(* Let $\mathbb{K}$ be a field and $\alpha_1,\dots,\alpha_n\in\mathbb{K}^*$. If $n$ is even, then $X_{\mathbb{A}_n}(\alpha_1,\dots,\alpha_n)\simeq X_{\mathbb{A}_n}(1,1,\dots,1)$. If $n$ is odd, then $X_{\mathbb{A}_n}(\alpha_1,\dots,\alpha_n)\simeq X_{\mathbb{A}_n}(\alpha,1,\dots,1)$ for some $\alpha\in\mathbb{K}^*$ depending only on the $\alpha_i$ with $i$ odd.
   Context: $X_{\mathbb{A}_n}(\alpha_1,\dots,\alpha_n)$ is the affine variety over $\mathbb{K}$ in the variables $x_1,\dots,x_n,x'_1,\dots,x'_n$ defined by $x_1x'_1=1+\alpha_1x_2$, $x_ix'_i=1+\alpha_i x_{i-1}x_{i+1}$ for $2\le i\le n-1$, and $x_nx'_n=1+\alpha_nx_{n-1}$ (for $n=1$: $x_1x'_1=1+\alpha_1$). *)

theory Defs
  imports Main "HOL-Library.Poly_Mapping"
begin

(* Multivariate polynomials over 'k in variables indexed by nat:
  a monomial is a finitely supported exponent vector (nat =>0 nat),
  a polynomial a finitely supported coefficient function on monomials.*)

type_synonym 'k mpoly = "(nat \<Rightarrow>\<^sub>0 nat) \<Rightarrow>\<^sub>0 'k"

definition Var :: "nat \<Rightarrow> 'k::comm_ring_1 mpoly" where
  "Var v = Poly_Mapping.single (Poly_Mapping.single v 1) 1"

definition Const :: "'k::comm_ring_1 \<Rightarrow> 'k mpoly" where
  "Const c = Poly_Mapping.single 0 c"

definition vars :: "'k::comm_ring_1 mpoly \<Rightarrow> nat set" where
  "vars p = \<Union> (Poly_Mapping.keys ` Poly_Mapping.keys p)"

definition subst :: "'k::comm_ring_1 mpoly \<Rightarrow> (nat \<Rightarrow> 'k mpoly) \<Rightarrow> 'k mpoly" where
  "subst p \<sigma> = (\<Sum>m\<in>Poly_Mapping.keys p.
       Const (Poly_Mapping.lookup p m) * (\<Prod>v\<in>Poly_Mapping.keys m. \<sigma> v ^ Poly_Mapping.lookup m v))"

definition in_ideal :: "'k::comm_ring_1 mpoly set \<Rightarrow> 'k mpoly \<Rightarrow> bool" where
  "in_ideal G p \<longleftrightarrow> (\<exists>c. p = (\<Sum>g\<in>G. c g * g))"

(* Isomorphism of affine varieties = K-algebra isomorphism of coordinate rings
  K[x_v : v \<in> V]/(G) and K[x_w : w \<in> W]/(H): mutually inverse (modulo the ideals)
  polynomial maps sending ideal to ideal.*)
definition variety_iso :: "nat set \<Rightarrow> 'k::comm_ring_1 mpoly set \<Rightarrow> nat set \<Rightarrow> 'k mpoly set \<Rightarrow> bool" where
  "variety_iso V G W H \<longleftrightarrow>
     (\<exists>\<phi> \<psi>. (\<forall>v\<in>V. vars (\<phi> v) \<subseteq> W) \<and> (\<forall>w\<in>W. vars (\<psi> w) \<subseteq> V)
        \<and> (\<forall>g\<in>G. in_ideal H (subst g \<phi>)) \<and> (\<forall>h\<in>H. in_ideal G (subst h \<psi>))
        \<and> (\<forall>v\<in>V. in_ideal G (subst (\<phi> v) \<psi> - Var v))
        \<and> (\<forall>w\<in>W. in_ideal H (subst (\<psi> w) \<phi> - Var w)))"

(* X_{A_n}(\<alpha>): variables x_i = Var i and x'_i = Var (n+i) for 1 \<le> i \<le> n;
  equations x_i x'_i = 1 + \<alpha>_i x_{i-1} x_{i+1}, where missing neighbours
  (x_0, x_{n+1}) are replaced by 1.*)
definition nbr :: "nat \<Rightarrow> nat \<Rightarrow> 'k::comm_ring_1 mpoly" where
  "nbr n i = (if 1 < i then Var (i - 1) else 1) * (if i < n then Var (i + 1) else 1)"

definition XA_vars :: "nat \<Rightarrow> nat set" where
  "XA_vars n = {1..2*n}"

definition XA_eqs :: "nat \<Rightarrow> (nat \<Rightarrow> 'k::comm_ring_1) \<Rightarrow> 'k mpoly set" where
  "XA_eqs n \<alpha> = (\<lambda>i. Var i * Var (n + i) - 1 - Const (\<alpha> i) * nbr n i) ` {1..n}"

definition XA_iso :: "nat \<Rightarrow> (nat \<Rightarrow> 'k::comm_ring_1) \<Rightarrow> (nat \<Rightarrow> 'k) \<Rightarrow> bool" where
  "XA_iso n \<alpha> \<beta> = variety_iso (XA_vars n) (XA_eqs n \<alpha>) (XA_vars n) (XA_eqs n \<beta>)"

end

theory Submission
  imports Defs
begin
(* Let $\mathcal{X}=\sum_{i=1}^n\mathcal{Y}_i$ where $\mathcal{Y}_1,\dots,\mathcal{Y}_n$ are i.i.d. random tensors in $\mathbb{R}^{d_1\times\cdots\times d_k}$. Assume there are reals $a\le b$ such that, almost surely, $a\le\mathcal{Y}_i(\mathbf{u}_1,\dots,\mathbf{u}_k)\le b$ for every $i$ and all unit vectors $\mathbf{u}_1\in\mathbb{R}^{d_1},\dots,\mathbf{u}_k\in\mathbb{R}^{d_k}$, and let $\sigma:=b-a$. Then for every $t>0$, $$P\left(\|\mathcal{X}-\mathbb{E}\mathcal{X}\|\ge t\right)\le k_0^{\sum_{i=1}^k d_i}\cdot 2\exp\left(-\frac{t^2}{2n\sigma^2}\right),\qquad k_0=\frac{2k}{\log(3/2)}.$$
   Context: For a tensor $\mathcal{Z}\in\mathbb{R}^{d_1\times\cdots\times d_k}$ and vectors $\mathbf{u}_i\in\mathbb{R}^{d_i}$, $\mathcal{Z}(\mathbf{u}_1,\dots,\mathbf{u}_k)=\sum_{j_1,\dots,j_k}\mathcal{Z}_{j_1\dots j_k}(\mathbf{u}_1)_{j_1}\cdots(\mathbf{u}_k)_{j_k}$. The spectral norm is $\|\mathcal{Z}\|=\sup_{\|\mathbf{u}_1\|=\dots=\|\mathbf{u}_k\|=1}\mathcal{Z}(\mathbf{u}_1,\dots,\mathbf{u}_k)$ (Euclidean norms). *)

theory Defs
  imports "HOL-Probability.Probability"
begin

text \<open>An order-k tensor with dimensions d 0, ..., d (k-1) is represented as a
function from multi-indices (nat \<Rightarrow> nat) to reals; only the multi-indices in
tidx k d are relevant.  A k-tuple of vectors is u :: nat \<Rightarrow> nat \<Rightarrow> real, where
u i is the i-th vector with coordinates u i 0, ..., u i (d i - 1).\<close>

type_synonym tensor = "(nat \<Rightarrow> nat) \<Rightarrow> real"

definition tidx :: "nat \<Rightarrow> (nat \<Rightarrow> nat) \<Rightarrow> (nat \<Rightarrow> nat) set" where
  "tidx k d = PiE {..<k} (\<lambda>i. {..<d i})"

——————————

Task objective
Each entry above needs to be output exactly.

Result of the exercise
(* Let $\mathbb{K}$ be a field and $\alpha_1,\dots,\alpha_n\in\mathbb{K}^*$. If $n$ is even, then $X_{\mathbb{A}_n}(\alpha_1,\dots,\alpha_n)\simeq X_{\mathbb{A}_n}(1,1,\dots,1)$. If $n$ is odd, then $X_{\mathbb{A}_n}(\alpha_1,\dots,\alpha_n)\simeq X_{\mathbb{A}_n}(\alpha,1,\dots,1)$ for some $\alpha\in\mathbb{K}^*$ depending only on the $\alpha_i$ with $i$ odd.
   Context: $X_{\mathbb{A}_n}(\alpha_1,\dots,\alpha_n)$ is the affine variety over $\mathbb{K}$ in the variables $x_1,\dots,x_n,x'_1,\dots,x'_n$ defined by $x_1x'_1=1+\alpha_1x_2$, $x_ix'_i=1+\alpha_i x_{i-1}x_{i+1}$ for $2\le i\le n-1$, and $x_nx'_n=1+\alpha_nx_{n-1}$ (for $n=1$: $x_1x'_1=1+\alpha_1$). *)

theory Defs
  imports Main "HOL-Library.Poly_Mapping"
begin

(* Multivariate polynomials over 'k in variables indexed by nat:
  a monomial is a finitely supported exponent vector (nat =>0 nat),
  a polynomial a finitely supported coefficient function on monomials.*)

type_synonym 'k mpoly = "(nat \<Rightarrow>\<^sub>0 nat) \<Rightarrow>\<^sub>0 'k"

definition Var :: "nat \<Rightarrow> 'k::comm_ring_1 mpoly" where
  "Var v = Poly_Mapping.single (Poly_Mapping.single v 1) 1"

definition Const :: "'k::comm_ring_1 \<Rightarrow> 'k mpoly" where
  "Const c = Poly_Mapping.single 0 c"

definition vars :: "'k::comm_ring_1 mpoly \<Rightarrow> nat set" where
  "vars p = \<Union> (Poly_Mapping.keys ` Poly_Mapping.keys p)"

definition subst :: "'k::comm_ring_1 mpoly \<Rightarrow> (nat \<Rightarrow> 'k mpoly) \<Rightarrow> 'k mpoly" where
  "subst p \<sigma> = (\<Sum>m\<in>Poly_Mapping.keys p.
       Const (Poly_Mapping.lookup p m) * (\<Prod>v\<in>Poly_Mapping.keys m. \<sigma> v ^ Poly_Mapping.lookup m v))"

definition in_ideal :: "'k::comm_ring_1 mpoly set \<Rightarrow> 'k mpoly \<Rightarrow> bool" where
  "in_ideal G p \<longleftrightarrow> (\<exists>c. p = (\<Sum>g\<in>G. c g * g))"

(* Isomorphism of affine varieties = K-algebra isomorphism of coordinate rings
  K[x_v : v \<in> V]/(G) and K[x_w : w \<in> W]/(H): mutually inverse (modulo the ideals)
  polynomial maps sending ideal to ideal.*)
definition variety_iso :: "nat set \<Rightarrow> 'k::comm_ring_1 mpoly set \<Rightarrow> nat set \<Rightarrow> 'k mpoly set \<Rightarrow> bool" where
  "variety_iso V G W H \<longleftrightarrow>
     (\<exists>\<phi> \<psi>. (\<forall>v\<in>V. vars (\<phi> v) \<subseteq> W) \<and> (\<forall>w\<in>W. vars (\<psi> w) \<subseteq> V)
        \<and> (\<forall>g\<in>G. in_ideal H (subst g \<phi>)) \<and> (\<forall>h\<in>H. in_ideal G (subst h \<psi>))
        \<and> (\<forall>v\<in>V. in_ideal G (subst (\<phi> v) \<psi> - Var v))
        \<and> (\<forall>w\<in>W. in_ideal H (subst (\<psi> w) \<phi> - Var w)))"

(* X_{A_n}(\<alpha>): variables x_i = Var i and x'_i = Var (n+i) for 1 \<le> i \<le> n;
  equations x_i x'_i = 1 + \<alpha>_i x_{i-1} x_{i+1}, where missing neighbours
  (x_0, x_{n+1}) are replaced by 1.*)
definition nbr :: "nat \<Rightarrow> nat \<Rightarrow> 'k::comm_ring_1 mpoly" where
  "nbr n i = (if 1 < i then Var (i - 1) else 1) * (if i < n then Var (i + 1) else 1)"

definition XA_vars :: "nat \<Rightarrow> nat set" where
  "XA_vars n = {1..2*n}"

definition XA_eqs :: "nat \<Rightarrow> (nat \<Rightarrow> 'k::comm_ring_1) \<Rightarrow> 'k mpoly set" where
  "XA_eqs n \<alpha> = (\<lambda>i. Var i * Var (n + i) - 1 - Const (\<alpha> i) * nbr n i) ` {1..n}"

definition XA_iso :: "nat \<Rightarrow> (nat \<Rightarrow> 'k::comm_ring_1) \<Rightarrow> (nat \<Rightarrow> 'k) \<Rightarrow> bool" where
  "XA_iso n \<alpha> \<beta> = variety_iso (XA_vars n) (XA_eqs n \<alpha>) (XA_vars n) (XA_eqs n \<beta>)"

end

theory Submission
  imports Defs
begin
(* Let $\mathcal{X}=\sum_{i=1}^n\mathcal{Y}_i$ where $\mathcal{Y}_1,\dots,\mathcal{Y}_n$ are i.i.d. random tensors in $\mathbb{R}^{d_1\times\cdots\times d_k}$. Assume there are reals $a\le b$ such that, almost surely, $a\le\mathcal{Y}_i(\mathbf{u}_1,\dots,\mathbf{u}_k)\le b$ for every $i$ and all unit vectors $\mathbf{u}_1\in\mathbb{R}^{d_1},\dots,\mathbf{u}_k\in\mathbb{R}^{d_k}$, and let $\sigma:=b-a$. Then for every $t>0$, $$P\left(\|\mathcal{X}-\mathbb{E}\mathcal{X}\|\ge t\right)\le k_0^{\sum_{i=1}^k d_i}\cdot 2\exp\left(-\frac{t^2}{2n\sigma^2}\right),\qquad k_0=\frac{2k}{\log(3/2)}.$$
   Context: For a tensor $\mathcal{Z}\in\mathbb{R}^{d_1\times\cdots\times d_k}$ and vectors $\mathbf{u}_i\in\mathbb{R}^{d_i}$, $\mathcal{Z}(\mathbf{u}_1,\dots,\mathbf{u}_k)=\sum_{j_1,\dots,j_k}\mathcal{Z}_{j_1\dots j_k}(\mathbf{u}_1)_{j_1}\cdots(\mathbf{u}_k)_{j_k}$. The spectral norm is $\|\mathcal{Z}\|=\sup_{\|\mathbf{u}_1\|=\dots=\|\mathbf{u}_k\|=1}\mathcal{Z}(\mathbf{u}_1,\dots,\mathbf{u}_k)$ (Euclidean norms). *)

theory Defs
  imports "HOL-Probability.Probability"
begin

text \<open>An order-k tensor with dimensions d 0, ..., d (k-1) is represented as a
function from multi-indices (nat \<Rightarrow> nat) to reals; only the multi-indices in
tidx k d are relevant.  A k-tuple of vectors is u :: nat \<Rightarrow> nat \<Rightarrow> real, where
u i is the i-th vector with coordinates u i 0, ..., u i (d i - 1).\<close>

type_synonym tensor = "(nat \<Rightarrow> nat) \<Rightarrow> real"

definition tidx :: "nat \<Rightarrow> (nat \<Rightarrow> nat) \<Rightarrow> (nat \<Rightarrow> nat) set" where
  "tidx k d = PiE {..<k} (\<lambda>i. {..<d i})"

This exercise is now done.